All PostsMarketing Your Rental March 26, 2021

Timing the Rental Market

When you are ready to put your rental on the market, knowing when to start marketing it is crucial to finding great long-term tenants. Poor timing could put you at risk for an extended vacancy and having your listing become ‘stale’, so read on to find best practices to time your rental right for your next tenants.

By pricing a property correctly and understanding both the monthly and yearly rental cycles, you have your best chance to reduce your vacancy and increase profits.


Timing for the Monthly Cycle

Tenants rarely move out until they have somewhere to move-in. Depending on where your investment is, this cycle will shift, but you can expect tenants to be looking for a new place right before they must give notice to their current landlord.

For example:

In the Seattle market, tenants that are leaving a month-to-month rental are required to give notice to their landlord 20 days before the end of the lease term.  This is usually around the 10th of a month. This means there is a predictable drop-off of leasing activity each month around the 10th.  So- the prime marketing period for May 1st move-in, for instance, will be from March 20th through April 10th.
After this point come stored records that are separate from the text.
lemma set_doubled_walkE:
  assumes "v \<in> set (doubled_walk ws i j)" and "i \<le> j"
  obtains (vertex) t where "i \<le> t" "t \<le> j" "v = double (ws ! t)"
    | (midpoint) t where "i \<le> t" "t < j" "v = double_midpoint (ws ! t) (ws ! Suc t)"
proof -
  obtain m where m: "m < 2 * (j - i) + 1" "v = doubled_walk ws i j ! m"
    using assms by (auto simp: in_set_conv_nth length_doubled_walk)
  show ?thesis
  proof (cases "even m")
    case True
    moreover have "m div 2 \<le> j - i" using m(1) by presburger
    ultimately show ?thesis using m assms(2) vertex[of "i + m div 2"] by (simp add: nth_doubled_walk)
  next
    case False
    hence "m div 2 < j - i" using m(1) by presburger
    thus ?thesis using m False midpoint[of "i + m div 2"] by (simp add: nth_doubled_walk)
  qed
qed

lemma odd_double_midpoint: "adjacent p q \<Longrightarrow> odd (fst (double_midpoint p q) + snd (double_midpoint p q))"
  unfolding double_midpoint_def by (erule adjacent_cases; simp; presburger)

lemma adjacent_horizontal_if_even:
  "adjacent p q \<Longrightarrow> even (snd p + snd q) \<Longrightarrow> snd p = snd q \<and> \<bar>fst q - fst p\<bar> = 1"
  unfolding adjacent_def by presburger

text \<open>The midpoint lies in an even row, so q q' is a horizontal step whose ends are at
  distances A and A + 1 from p, with 2 A + 1 = D.\<close>
lemma vertex_meets_translated_midpoint:
  assumes adj: "adjacent q q'"
    and row: "snd (double p) = snd (double_midpoint q q')"
    and dvd: "N dvd D - s \<or> N dvd D + s"
    and D: "D = fst (double_midpoint q q') - fst (double p)"
    and F_pair: "\<And>A. N dvd 2 * A + 1 - s \<or> N dvd 2 * A + 1 + s \<Longrightarrow> F A \<or> F (A + 1)"
  shows "snd p = snd q \<and> snd p = snd q' \<and> (F (fst q - fst p) \<or> F (fst q' - fst p))"
proof -
  have "snd q + snd q' = 2 * snd p" using row unfolding double_def double_midpoint_def by simp
  hence horiz: "snd q = snd q'" "\<bar>fst q' - fst q\<bar> = 1"
    using adjacent_horizontal_if_even[OF adj] by simp_all
  have D': "D = (fst q - fst p) + (fst q' - fst p)"
    unfolding D double_def double_midpoint_def by simp
  from horiz(2) consider "fst q' = fst q + 1" | "fst q = fst q' + 1" by linarith
  hence "F (fst q - fst p) \<or> F (fst q' - fst p)"
  proof cases
    case 1
    hence "F (fst q - fst p) \<or> F (fst q - fst p + 1)" using dvd D' by (intro F_pair) (simp add: algebra_simps)
    thus ?thesis using 1 by (simp add: algebra_simps)
  next
    case 2
    hence "F (fst q' - fst p) \<or> F (fst q' - fst p + 1)" using dvd D' by (intro F_pair) (simp add: algebra_simps)
    thus ?thesis using 2 by (auto simp: algebra_simps)
  qed
  thus ?thesis using horiz(1) row unfolding double_def double_midpoint_def by simp
qed
text \<open>W W^T for W = [u_i]_{i \<in> J} (sum of outer products).\<close>
definition proj_mat :: "(nat \<Rightarrow> real^'n) \<Rightarrow> nat set \<Rightarrow> real^'n^'n" where
  "proj_mat u J = (\<chi> a b. \<Sum>i\<in>J. u i $ a * u i $ b)"

definition calA1 :: "nat \<Rightarrow> nat set \<Rightarrow> (nat \<Rightarrow> real) \<Rightarrow> real \<Rightarrow> nat set" where
  "calA1 n J pp b = {i \<in> {1..n} - J. pp i > b}"
definition calA2 :: "nat \<Rightarrow> nat set \<Rightarrow> (nat \<Rightarrow> real) \<Rightarrow> real \<Rightarrow> nat set" where
  "calA2 n J pp a = {i \<in> {1..n} - J. pp i < a}"

end

theory Submission
  imports Defs
begin

text \<open>
  Both cases are instances of a Davis--Kahan estimate: if the eigenvalues of \<open>A\<close> on the block \<open>J\<close>
  lie in \<open>[a, b]\<close> and those of \<open>B\<close> off \<open>J\<close> avoid \<open>(a - \<delta>, b + \<delta>)\<close>, then
  \<open>\<delta> \<parallel>P\<^sub>A (I - P\<^sub>B)\<parallel> \<le> \<parallel>A - B\<parallel>\<close> for the spectral projections \<open>P\<^sub>A, P\<^sub>B\<close> onto the \<open>J\<close>-block.
  After centring at the midpoint of \<open>[a, b]\<close>, \<open>P\<^sub>A (I - P\<^sub>B)\<close> solves a Sylvester equation, and
  multiplying by a spectral matrix with eigenvalues of modulus at most \<open>\<kappa>\<close> shrinks a unitarily
  invariant norm by the factor \<open>\<kappa>\<close>, such a matrix being \<open>\<kappa>\<close> times a convex combination of orthogonal
  matrices.  Case (A) applies the estimate to \<open>A = p(\<Phi>)\<close> and \<open>B = \<Psi>\<close>.  Case (B) applies it to
  \<open>A = \<Psi>\<close> and \<open>B = p(\<Phi>)\<close>, which bounds \<open>\<parallel>V V\<^sup>T (I - W W\<^sup>T)\<parallel>\<close>; this equals
  \<open>\<parallel>W W\<^sup>T (I - V V\<^sup>T)\<parallel>\<close> because the two projections have equal rank, so that principal vectors
  pair their ranges.  An extended-real \<open>\<delta>\<close> is handled by using every real \<open>0 < d \<le> \<delta>\<close>.
\<close>

section \<open>Outer products and orthogonal projections\<close>

lemma matrix_add_rdistrib: "(A + B) ** C = A ** C + B ** C"
  by (vector matrix_matrix_mult_def sum.distrib[symmetric] field_simps)

lemma matrix_diff_ldistrib: "(A :: 'a::ring_1^'n^'m) ** (B - C) = A ** B - A ** C"
  by (vector matrix_matrix_mult_def sum_subtractf[symmetric] field_simps)

lemma matrix_diff_rdistrib: "((A - B) :: 'a::ring_1^'n^'m) ** C = A ** C - B ** C"
  by (vector matrix_matrix_mult_def sum_subtractf[symmetric] field_simps)

lemma transpose_add: "transpose (A + B) = transpose A + transpose B"
  by (vector transpose_def)

lemma transpose_diff: "transpose ((A :: 'a::ab_group_add^'n^'m) - B) = transpose A - transpose B"
  by (vector transpose_def)

lemma transpose_zero: "transpose 0 = 0"
  by (vector transpose_def)

lemma transpose_sum: "transpose (\<Sum>i\<in>K. f i) = (\<Sum>i\<in>K. transpose (f i))"
  by (induction K rule: infinite_finite_induct) (simp_all add: transpose_zero transpose_add)

lemma matrix_mul_sum_left: "(\<Sum>i\<in>K. f i) ** A = (\<Sum>i\<in>K. f i ** A)"
  by (induction K rule: infinite_finite_induct) (simp_all add: matrix_add_rdistrib)

lemma matrix_mul_sum_right: "A ** (\<Sum>i\<in>K. f i) = (\<Sum>i\<in>K. A ** f i)"
  by (induction K rule: infinite_finite_induct) (simp_all add: matrix_add_ldistrib)

lemma matrix_vector_mult_sum_left: "(\<Sum>i\<in>K. f i) *v x = (\<Sum>i\<in>K. f i *v x)"
  by (induction K rule: infinite_finite_induct) (simp_all add: matrix_vector_mult_add_rdistrib)

lemma matrix_mult_scaleR_right: "(A :: real^'n^'m) ** (c *\<^sub>R B) = c *\<^sub>R (A ** B)"
  by (simp add: matrix_scalar_ac scalar_matrix_assoc)

lemma scaleR_matrix_vector_assoc: "(c *\<^sub>R A) *v x = c *\<^sub>R (A *v (x :: real^'n))"
  by (simp add: matrix_vector_mult_def vec_eq_iff sum_distrib_left mult_ac)

lemma symmetric_matrix_inner:
  "transpose M = M \<Longrightarrow> x \<bullet> (M *v y) = (M *v x) \<bullet> (y :: real^'n)"
  by (metis dot_lmul_matrix transpose_matrix_vector)

definition outer_prod :: "real^'n \<Rightarrow> real^'m \<Rightarrow> real^'m^'n" where
  "outer_prod x y = (\<chi> a b. x $ a * y $ b)"

lemma outer_prod_mult_vec: "outer_prod x y *v z = (y \<bullet> z) *\<^sub>R x"
  by (simp add: outer_prod_def matrix_vector_mult_def inner_vec_def vec_eq_iff sum_distrib_left
      mult_ac)

lemma matrix_mult_outer_prod: "M ** outer_prod x y = outer_prod (M *v x) y"
  by (simp add: outer_prod_def matrix_matrix_mult_def matrix_vector_mult_def vec_eq_iff
      sum_distrib_left mult_ac)

lemma outer_prod_mult_matrix: "outer_prod x y ** M = outer_prod x (transpose M *v y)"
  by (simp add: outer_prod_def matrix_matrix_mult_def matrix_vector_mult_def transpose_def
      vec_eq_iff sum_distrib_left mult_ac)

lemma transpose_outer_prod: "transpose (outer_prod x y) = outer_prod y x"
  by (simp add: outer_prod_def transpose_def vec_eq_iff mult_ac)

lemma outer_prod_scaleR_left: "outer_prod (c *\<^sub>R x) y = c *\<^sub>R outer_prod x y"
  by (simp add: outer_prod_def vec_eq_iff mult_ac)

lemma outer_prod_scaleR_right: "outer_prod x (c *\<^sub>R y) = c *\<^sub>R outer_prod x y"
  by (simp add: outer_prod_def vec_eq_iff mult_ac)

definition proj_matrix :: "'i set \<Rightarrow> ('i \<Rightarrow> real^'n) \<Rightarrow> real^'n^'n" where
  "proj_matrix K u = (\<Sum>i\<in>K. outer_prod (u i) (u i))"

lemma proj_mat_eq_proj_matrix: "proj_mat u K = proj_matrix K u"
  by (simp add: proj_mat_def proj_matrix_def outer_prod_def vec_eq_iff sum_component)

lemma proj_matrix_mult_vec: "proj_matrix K u *v x = (\<Sum>i\<in>K. (u i \<bullet> x) *\<^sub>R u i)"
  by (simp add: proj_matrix_def matrix_vector_mult_sum_left outer_prod_mult_vec)

lemma transpose_proj_matrix: "transpose (proj_matrix K u) = proj_matrix K u"
  by (simp add: proj_matrix_def transpose_sum transpose_outer_prod)

lemma proj_matrix_mult_compl:
  assumes "transpose Q = Q"
  shows "proj_matrix K u ** (mat 1 - Q) = (\<Sum>i\<in>K. outer_prod (u i) (u i - Q *v u i))"
  by (simp add: proj_matrix_def matrix_mul_sum_left outer_prod_mult_matrix
      transpose_diff assms matrix_vector_mult_diff_rdistrib)

definition orthonormal_on :: "'i set \<Rightarrow> ('i \<Rightarrow> real^'n) \<Rightarrow> bool" where
  "orthonormal_on K u \<longleftrightarrow> (\<forall>i\<in>K. \<forall>k\<in>K. u i \<bullet> u k = (if i = k then 1 else 0))"

lemma orthonormal_onD:
  "orthonormal_on K u \<Longrightarrow> i \<in> K \<Longrightarrow> k \<in> K \<Longrightarrow> u i \<bullet> u k = (if i = k then 1 else 0)"
  by (simp add: orthonormal_on_def)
Activity will quickly die down after the 10th. Landlords should therefore try and have their property listed on the market, in as many places as possible about 6 weeks prior to their desired move-in date, so by around the 15th-20th of May for July 1st.  And they should adjust price based on results to find the market by the first week of [June, in this example], ensuring it’s rented by the 10th at the latest.


Timing the Yearly Cycle

The summer months are typically the “hot market” when investors can see an average 10% higher rent prices than what they could expect rents to be if rented in the depths of winter.
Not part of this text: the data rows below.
lemma bd_A_eq_bd_B:
  assumes supp: "\<And>\<sigma>. g \<sigma> \<noteq> 0 \<Longrightarrow> \<sigma> \<in> A"
  shows "bd A g = bd B g"
proof
  fix \<rho>
  have A_subset_V: "\<Union>A \<subseteq> V" using A_subset_B B_subset by blast
  show "bd A g \<rho> = bd B g \<rho>"
  proof (cases "\<rho> \<in> A")
    case True
    have "(if insert v \<rho> \<in> A then incidence_sign \<rho> v * g (insert v \<rho>) else 0)
        = (if insert v \<rho> \<in> B then incidence_sign \<rho> v * g (insert v \<rho>) else 0)" for v
      using A_subset_B supp by auto
    with True A_subset_B show ?thesis
      by (simp add: bd_eq_sum_superset[OF finite_V A_subset_V] bd_eq_sum_superset[OF finite_V B_subset] subset_iff)
  next
    case False
    show ?thesis
    proof (cases "\<rho> \<in> B")
      case True
      \<comment> \<open>a face of \<open>B\<close> outside \<open>A\<close> contains \<open>F\<close>, and so do its cofaces, on which \<open>g\<close> vanishes\<close>
      with False A_eq have "F \<subseteq> \<rho>" by blast
      then have "g (insert v \<rho>) = 0" for v using supp A_eq by blast
      then have "(\<Sum>v\<in>\<Union>B - \<rho>. if insert v \<rho> \<in> B then incidence_sign \<rho> v * g (insert v \<rho>) else 0) = 0"
        by (intro sum.neutral) simp
      with False show ?thesis by (simp add: bd_eq)
    next
      case False
      with \<open>\<rho> \<notin> A\<close> show ?thesis by (simp add: bd_eq)
    qed
  qed
qed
We see about 75% of the entire year’s leasing activity transpire in June, July, and August, with September 1st being normally the busiest move-in date of the year. But then the market dramatically slows in the fall.

If you priced too high in May and didn’t get it rented, the market may come up to that price in June. But if you priced too high in September, you might benefit from dropping the price quickly to get ahead of the downward curve that’s coming during the fall months.


Timing the Term End Date

Use the start time as a way to schedule your end date. Set your leases to end in May, June, or July (regardless of whether that means a 6, 9, or, 18-month initial term to get on a summer rental cycle).

This sets you up for future lease negotiations when market conditions are optimal, both with renewing and new tenants.